Problem: Transcribe the records below. Leave every word as it is.

BEGIN

lemma incl_defect_single_word_in_verma_ideal:
  "incl_defect (Poly_Mapping.single a 1) (Poly_Mapping.single m 1) \<in> verma_ideal h c"
proof (induction m arbitrary: a)
  case Nil
  show ?case
    by (rule incl_defect_in_verma_ideal_of_nonneg)
      (simp add: incl_defect_one_in_verma_ideal flip: one_eq_single_Nil)
next
  case (Cons i m)
  show ?case
  proof (rule incl_defect_in_verma_ideal_of_nonneg)
    fix a assume "\<not> is_neg a"
    define W where "W = bracket vir_br (Poly_Mapping.single a (1::'k)) (o_vec i)"
    have "incl_defect W (Poly_Mapping.single m 1) \<in> verma_ideal h c"
      unfolding verma_ideal_eq_span
      by (rule module_hom_in_span[OF module_hom_incl_defect_left])
        (use Cons.IH in \<open>simp add: verma_ideal_eq_span\<close>)
    moreover have "(deg1 (Poly_Mapping.single a 1) * deg1 (o_vec i) - deg1 (o_vec i) * deg1 (Poly_Mapping.single a 1)
        - deg1 W) * o_incl (Poly_Mapping.single m 1) \<in> verma_ideal h c"
      using env_ideal_times[OF commutator_in_env_ideal, of 1 "Poly_Mapping.single a 1" "o_vec i" vir_br
          "o_incl (Poly_Mapping.single m 1)"] env_ideal_subset_verma_ideal
      by (auto simp: W_def)
    moreover have "Poly_Mapping.single (i # m) 1 = Poly_Mapping.single [i] 1 * Poly_Mapping.single m (1::'k)"
      by (simp add: single_times_single)
    ultimately show "incl_defect (Poly_Mapping.single a 1) (Poly_Mapping.single (i # m) 1) \<in> verma_ideal h c"
      using verma_ideal_times_left[OF Cons.IH[of a], of "deg1 (o_vec i)"]
      by (simp add: W_def incl_defect_borel_o_times[OF in_borel_single[OF \<open>\<not> is_neg a\<close>]]
          verma_ideal_eq_span smult.span_add)
  qed
qed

END

Answer to this problem:
lemma incl_defect_single_word_in_verma_ideal:
  "incl_defect (Poly_Mapping.single a 1) (Poly_Mapping.single m 1) \<in> verma_ideal h c"
proof (induction m arbitrary: a)
  case Nil
  show ?case
    by (rule incl_defect_in_verma_ideal_of_nonneg)
      (simp add: incl_defect_one_in_verma_ideal flip: one_eq_single_Nil)
next
  case (Cons i m)
  show ?case
  proof (rule incl_defect_in_verma_ideal_of_nonneg)
    fix a assume "\<not> is_neg a"
    define W where "W = bracket vir_br (Poly_Mapping.single a (1::'k)) (o_vec i)"
    have "incl_defect W (Poly_Mapping.single m 1) \<in> verma_ideal h c"
      unfolding verma_ideal_eq_span
      by (rule module_hom_in_span[OF module_hom_incl_defect_left])
        (use Cons.IH in \<open>simp add: verma_ideal_eq_span\<close>)
    moreover have "(deg1 (Poly_Mapping.single a 1) * deg1 (o_vec i) - deg1 (o_vec i) * deg1 (Poly_Mapping.single a 1)
        - deg1 W) * o_incl (Poly_Mapping.single m 1) \<in> verma_ideal h c"
      using env_ideal_times[OF commutator_in_env_ideal, of 1 "Poly_Mapping.single a 1" "o_vec i" vir_br
          "o_incl (Poly_Mapping.single m 1)"] env_ideal_subset_verma_ideal
      by (auto simp: W_def)
    moreover have "Poly_Mapping.single (i # m) 1 = Poly_Mapping.single [i] 1 * Poly_Mapping.single m (1::'k)"
      by (simp add: single_times_single)
    ultimately show "incl_defect (Poly_Mapping.single a 1) (Poly_Mapping.single (i # m) 1) \<in> verma_ideal h c"
      using verma_ideal_times_left[OF Cons.IH[of a], of "deg1 (o_vec i)"]
      by (simp add: W_def incl_defect_borel_o_times[OF in_borel_single[OF \<open>\<not> is_neg a\<close>]]
          verma_ideal_eq_span smult.span_add)
  qed
qed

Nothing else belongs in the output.